## TASK OBJECTIVE
Check every line of the data below for the string "forall", and copy the ones that hold it.

══ AVAILABLE RECORDS ══

lemma tsim_tinv: "tsim t t' \<Longrightarrow> tsim (tinv t) (tinv t')"
proof -
  assume "tsim t t'"
  then have "equivclp diamond t t'" and "valid t" "valid t'"
    by (simp_all add: tsim_def)
  from this(1) have "equivclp diamond (tinv t) (tinv t')"
  proof (induction rule: equivclp_induct)
    case (step y z)
    then show ?case using diamond_tinv equivclp_into_equivclp by metis
  qed simp
  then show ?thesis using \<open>valid t\<close> \<open>valid t'\<close> by (simp add: tsim_def)
qed

lemma tsim_lbl: "tsim t t' \<Longrightarrow> lbl t' = lbl t \<and> isfwd t' = isfwd t"
proof -
  assume "tsim t t'"
  then have "equivclp diamond t t'" by (simp add: tsim_def)
  then show ?thesis
    by (induction rule: equivclp_induct) (auto dest: diamond_lbl)
qed

lemma tsim_undo_maximal:
  assumes "fwd A th B" and "well_formed A" and "z \<in> keys A" and "\<forall>y. (z, y) \<notin> ord B"
  shows "\<exists>A' lam B'. fwd A' th B' \<and> fwd B' lam B \<and> pkey lam = z \<and> well_formed A' \<and>
    tsim (A, th, True, B) (A', th, True, B')"
proof -
  have "\<forall>y. (z, y) \<notin> ord A" using assms(4) fwd_ord[OF assms(1)] by blast
  then obtain A' lam where undo: "fwd A' lam A" "pkey lam = z"
    using undo_maximal_key assms(2,3) unfolding well_formed_def by blast
  then obtain B' where swap: "fwd A' th B'" "fwd B' lam B" "indep th lam"
    using fwd_swap[OF undo(1) assms(1)] assms(4) by blast
  have "diamond (A, th, True, B) (A', th, True, B')"
    using assms(1) undo(1) swap
    by (intro diamond.intros[of A th True B lam False A' B'])
      (auto simp: valid_iff indep_trans_def connected_def intro!: exI[of _ "[(A, lam, False, A')]"])
  then show ?thesis
    using swap undo fwd_well_formed_iff[OF undo(1)] assms(2) diamond_imp_tsim by blast
qed
lemma finite_H: "finite (H G)"
  using brauer_graph unfolding brauer_graph_def by blast

lemma sig_in_H: "h \<in> H G \<Longrightarrow> sig G h \<in> H G"
  using brauer_graph unfolding brauer_graph_def bij_betw_def by blast

lemma vtx_sig: "h \<in> H G \<Longrightarrow> vtx G (sig G h) = vtx G h"
  using brauer_graph unfolding brauer_graph_def by blast

lemma sig_inj: "x \<in> H G \<Longrightarrow> y \<in> H G \<Longrightarrow> sig G x = sig G y \<Longrightarrow> x = y"
  using brauer_graph unfolding brauer_graph_def bij_betw_def inj_on_def by blast

lemma edg_in_E: "h \<in> H G \<Longrightarrow> edg G h \<in> E G"
  using brauer_graph unfolding brauer_graph_def by blast

lemma sig_transitive:
  "h \<in> H G \<Longrightarrow> h' \<in> H G \<Longrightarrow> vtx G h = vtx G h' \<Longrightarrow> \<exists>k. (sig G ^^ k) h = h'"
  using brauer_graph unfolding brauer_graph_def by blast

lemma mult_ge_1: "v \<in> V G \<Longrightarrow> 1 \<le> mult G v"
  using brauer_graph unfolding brauer_graph_def by blast

lemma reach_connected: "u \<in> V G \<Longrightarrow> w \<in> V G \<Longrightarrow> reach G (E G) u w"
  using brauer_graph unfolding brauer_graph_def connected_sub_def by blast

lemma vtx_in_V: "h \<in> H G \<Longrightarrow> vtx G h \<in> V G"
  using brauer_graph unfolding brauer_graph_def by blast

lemma ends_subset_V: "ends G e \<subseteq> V G"
  using brauer_graph unfolding ends_def brauer_graph_def by blast

lemma half_edges_of_edg:
  assumes h: "h \<in> H G"
  obtains h' where "{x \<in> H G. edg G x = edg G h} = {h, h'}" "h' \<noteq> h"
proof -
  have "card {x \<in> H G. edg G x = edg G h} = 2"
    using brauer_graph edg_in_E[OF h] unfolding brauer_graph_def by blast
  then obtain a b where ab: "{x \<in> H G. edg G x = edg G h} = {a, b}" "a \<noteq> b"
    unfolding card_2_iff by blast
  then have "h = a \<or> h = b"
    using h by blast
  then show ?thesis
    using that ab by (auto simp: insert_commute)
qed

lemma ohe:
  assumes "h \<in> H G"
  shows "ohe G h \<in> H G" and "ohe G h \<noteq> h" and "edg G (ohe G h) = edg G h"
proof -
  obtain h' where h': "{x \<in> H G. edg G x = edg G h} = {h, h'}" "h' \<noteq> h"
    using half_edges_of_edg[OF assms] .
  have "\<exists>!x. x \<in> H G \<and> x \<noteq> h \<and> edg G x = edg G h"
  proof
    show "h' \<in> H G \<and> h' \<noteq> h \<and> edg G h' = edg G h"
      using h' by blast
  next
    fix x assume "x \<in> H G \<and> x \<noteq> h \<and> edg G x = edg G h"
    then show "x = h'"
      using h'(1) by blast
  qed
  then have "ohe G h \<in> H G \<and> ohe G h \<noteq> h \<and> edg G (ohe G h) = edg G h"
    unfolding ohe_def by (rule theI')
  then show "ohe G h \<in> H G" "ohe G h \<noteq> h" "edg G (ohe G h) = edg G h"
    by blast+
qed

lemma same_edg_cases:
  assumes "h \<in> H G" "h' \<in> H G" "edg G h' = edg G h"
  shows "h' = h \<or> h' = ohe G h"
proof -
  obtain x where x: "{y \<in> H G. edg G y = edg G h} = {h, x}" "x \<noteq> h"
    using half_edges_of_edg[OF assms(1)] .
  have "ohe G h \<in> {h, x}"
    using ohe[OF assms(1)] x(1) by blast
  then have "ohe G h = x"
    using ohe(2)[OF assms(1)] by blast
  moreover have "h' \<in> {h, x}"
    using assms x(1) by blast
  ultimately show ?thesis by blast
qed

lemma ohe_ohe:
  assumes "h \<in> H G"
  shows "ohe G (ohe G h) = h"
proof -
  have "ohe G (ohe G h) = h \<or> ohe G (ohe G h) = ohe G h"
    using same_edg_cases[OF assms ohe(1)[OF ohe(1)[OF assms]]] ohe[OF assms] ohe[OF ohe(1)[OF assms]]
    by simp
  then show ?thesis
    using ohe(2)[OF ohe(1)[OF assms]] by blast
qed

lemma ends_edg:
  assumes "h \<in> H G"
  shows "ends G (edg G h) = {vtx G h, vtx G (ohe G h)}"
proof (intro set_eqI iffI)
  fix x assume "x \<in> ends G (edg G h)"
  then obtain h' where "x = vtx G h'" "h' \<in> H G" "edg G h' = edg G h"
    unfolding ends_def by blast
  then show "x \<in> {vtx G h, vtx G (ohe G h)}"
    using same_edg_cases[OF assms] by blast
next
  fix x assume "x \<in> {vtx G h, vtx G (ohe G h)}"
  then show "x \<in> ends G (edg G h)"
    unfolding ends_def using assms ohe[OF assms] by blast
qed

lemma half_edge_at_end:
  assumes "ends G j = {a, b}" "a \<noteq> b"
  obtains h where "h \<in> H G" "edg G h = j" "vtx G h = b" "vtx G (ohe G h) = a"
    and "(THE h. h \<in> H G \<and> edg G h = j \<and> vtx G h = b) = h"
proof -
  have "b \<in> ends G j"
    using assms(1) by simp
  then obtain h where h: "h \<in> H G" "edg G h = j" "vtx G h = b"
    unfolding ends_def by blast
  have "ends G j = {b, vtx G (ohe G h)}"
    using ends_edg[OF h(1)] h by simp
  then have a: "vtx G (ohe G h) = a"
    using assms by (metis doubleton_eq_iff)
  have "h' = h" if h': "h' \<in> H G" "edg G h' = j" "vtx G h' = b" for h'
    using same_edg_cases[OF h(1) h'(1)] h h' a assms(2) by auto
  then have "(THE h. h \<in> H G \<and> edg G h = j \<and> vtx G h = b) = h"
    using h by blast
  with h a that show ?thesis
    by blast
qed

lemma r_path_unbalanced:
  assumes "unbalanced G j"
  obtains h where "h \<in> H G" "edg G h = j" "vtx G h = vL_of G j"
    and "r_path G j = map (\<lambda>k. (sig G ^^ k) h) [0..<Nv G (vL_of G j)]"
proof -
  obtain a where "ends G j = {a, vL_of G j}" "a \<noteq> vL_of G j"
    using unbalanced_vL_of[OF assms] .
  then obtain h where "h \<in> H G" "edg G h = j" "vtx G h = vL_of G j"
    and "(THE h. h \<in> H G \<and> edg G h = j \<and> vtx G h = vL_of G j) = h"
    using half_edge_at_end by blast
  then show ?thesis
    using that unfolding r_path_def Let_def by simp
qed

section \<open>Orbits of the cyclic ordering\<close>

lemma funpow_sig_in_H: "h \<in> H G \<Longrightarrow> (sig G ^^ k) h \<in> H G"
  by (induction k) (auto simp: sig_in_H)

lemma vtx_funpow_sig: "h \<in> H G \<Longrightarrow> vtx G ((sig G ^^ k) h) = vtx G h"
  by (induction k) (auto simp: vtx_sig funpow_sig_in_H)

lemma funpow_sig_inj:
  assumes "x \<in> H G" "y \<in> H G"
  shows "(sig G ^^ k) x = (sig G ^^ k) y \<Longrightarrow> x = y"
proof (induction k)
  case (Suc k)
  then show ?case
    using sig_inj[OF funpow_sig_in_H[OF assms(1)] funpow_sig_in_H[OF assms(2)]] by simp
qed simp

lemma funpow_sig_mod:
  assumes "(sig G ^^ m) h = h"
  shows "(sig G ^^ k) h = (sig G ^^ (k mod m)) h"
proof -
  have "(sig G ^^ (m * q)) h = h" for q
    by (induction q) (auto simp: funpow_add assms)
  moreover have "k = k mod m + m * (k div m)"
    by simp
  ultimately show ?thesis
    by (metis funpow_add o_apply)
qed

lemma val_le_period:
  assumes h: "h \<in> H G" and "1 \<le> m" and period: "(sig G ^^ m) h = h"
  shows "val G (vtx G h) \<le> m"
proof -
  have "{h' \<in> H G. vtx G h' = vtx G h} \<subseteq> (\<lambda>k. (sig G ^^ k) h) ` {..<m}"
  proof
    fix h' assume "h' \<in> {h' \<in> H G. vtx G h' = vtx G h}"
    then obtain k where "(sig G ^^ k) h = h'"
      using sig_transitive[OF h] by fastforce
    then have "(sig G ^^ (k mod m)) h = h'"
      using funpow_sig_mod[OF period] by simp
    then show "h' \<in> (\<lambda>k. (sig G ^^ k) h) ` {..<m}"
      using \<open>1 \<le> m\<close> by force
  qed
  then have "val G (vtx G h) \<le> card ((\<lambda>k. (sig G ^^ k) h) ` {..<m})"
    unfolding val_def by (intro card_mono) auto
  also have "\<dots> \<le> m"
    using card_image_le[of "{..<m}"] by simp
  finally show ?thesis .
qed
lemma unimodal_tail_bound:
  fixes f :: "nat \<Rightarrow> real"
  assumes t: "2 \<le> t" "t \<le> B"
    and nonneg: "\<And>i. i \<le> B \<Longrightarrow> 0 \<le> f i"
    and "unimodal f B"
    and total: "(\<Sum>i\<le>B. f i) = 1"
    and mean_le: "3 * (\<Sum>i\<le>B. real i * f i) \<le> real B"
    and mean_small: "2 * (\<Sum>i\<le>B. real i * f i) < real t \<or> 3 * (\<Sum>i\<le>B. real i * f i) < 2 * (real t - 1)"
  shows "(\<Sum>i\<le>B. of_bool (t \<le> i) * f i) \<le> tail_ratio B t * (\<Sum>i\<le>B. real i * f i)"
proof -
  obtain m where mode: "m \<le> B" "\<forall>i<m. f i \<le> f (Suc i)" "\<forall>i. m \<le> i \<and> i < B \<longrightarrow> f (Suc i) \<le> f i"
    using \<open>unimodal f B\<close> unfolding unimodal_def by blast
  have "0 \<le> (\<Sum>i\<le>B. real i * f i)" using nonneg by (intro sum_nonneg) auto
  note from_linear = tail_le_tail_ratio_of_linear_bound[OF t this mean_le mean_small]
  consider "m = 0" | "t - 1 \<le> m" | "1 \<le> m" "m < t - 1" by linarith
  then show ?thesis
  proof cases
    case 1
    show ?thesis by (rule tail_le_tail_ratio_if_mode_zero[OF mode nonneg 1 t])
  next
    case 2
    show ?thesis using linear_tail_bound_if_mode_ge[OF mode nonneg 2 _ total] t from_linear by simp
  next
    case 3
    show ?thesis using tail_bound_if_mode_between[OF mode nonneg 3 t total] from_linear by blast
  qed
qed

lemma mean_constraints_from_threshold:
  fixes \<theta> \<tau> M :: real
  assumes t: "2 \<le> t" and tau: "\<tau> = 1/2 + real t / (2 * real B)"
    and theta: "0 \<le> \<theta>" "\<theta> \<le> 1 / sqrt 3" and M: "M \<le> real B * \<theta>\<^sup>2"
    and tau_low: "min (1/2 + \<theta>\<^sup>2) (1/2 + 1 / (2 * real B) + 3/4 * \<theta>\<^sup>2) < \<tau>"
  shows "3 * M \<le> real B" "2 * M < real t \<or> 3 * M < 2 * (real t - 1)"
proof -
  have "\<theta>\<^sup>2 \<le> (1 / sqrt 3)\<^sup>2" using power_mono[OF theta(2) theta(1)] .
  then have "3 * \<theta>\<^sup>2 \<le> 1" by (simp add: power_divide)
  then show "3 * M \<le> real B"
    using M mult_left_mono[of "3 * \<theta>\<^sup>2" 1 "real B"] by (simp add: algebra_simps)
  consider "\<theta>\<^sup>2 < real t / (2 * real B)" | "1 / (2 * real B) + 3/4 * \<theta>\<^sup>2 < real t / (2 * real B)"
    using tau_low unfolding tau by (auto simp: min_def split: if_splits)
  then show "2 * M < real t \<or> 3 * M < 2 * (real t - 1)"
  proof cases
    case 1
    then have "2 * (real B * \<theta>\<^sup>2) < real t" by (cases "B = 0") (simp_all add: field_simps)
    then show ?thesis using M by simp
  next
    case 2
    have "B \<noteq> 0" using 2 zero_le_power2[of \<theta>] by (cases "B = 0") auto
    with 2 have "real B * (2 + 3 * (real B * \<theta>\<^sup>2)) < real B * (2 * real t)"
      by (simp add: field_simps)
    with \<open>B \<noteq> 0\<close> have "2 + 3 * (real B * \<theta>\<^sup>2) < 2 * real t" by simp
    then show ?thesis using M by simp
  qed
qed

section \<open>Independence and expectations of counts\<close>

lemma (in prob_space) indep_vars_reindex:
  assumes indep: "indep_vars M' X I" and "inj_on \<sigma> J" "\<sigma> ` J \<subseteq> I"
  shows "indep_vars (\<lambda>j. M' (\<sigma> j)) (\<lambda>j. X (\<sigma> j)) J"
proof -
  have "disjoint_family_on (\<lambda>j. {\<sigma> j}) J"
    using \<open>inj_on \<sigma> J\<close> by (auto simp: disjoint_family_on_def inj_on_def)
  then have "indep_vars (\<lambda>j. PiM {\<sigma> j} M') (\<lambda>j \<omega>. restrict (\<lambda>i. X i \<omega>) {\<sigma> j}) J"
    using assms by (intro indep_vars_restrict[OF indep]) auto
  then have "indep_vars (\<lambda>j. M' (\<sigma> j)) (\<lambda>j \<omega>. restrict (\<lambda>i. X i \<omega>) {\<sigma> j} (\<sigma> j)) J"
    by (rule indep_vars_compose2) (simp add: measurable_component_singleton)
  then show ?thesis by simp
qed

═══

## SOLUTION TO THE EXERCISE
  assumes "fwd A th B" and "well_formed A" and "z \<in> keys A" and "\<forall>y. (z, y) \<notin> ord B"
  have "\<forall>y. (z, y) \<notin> ord A" using assms(4) fwd_ord[OF assms(1)] by blast
  obtain m where mode: "m \<le> B" "\<forall>i<m. f i \<le> f (Suc i)" "\<forall>i. m \<le> i \<and> i < B \<longrightarrow> f (Suc i) \<le> f i"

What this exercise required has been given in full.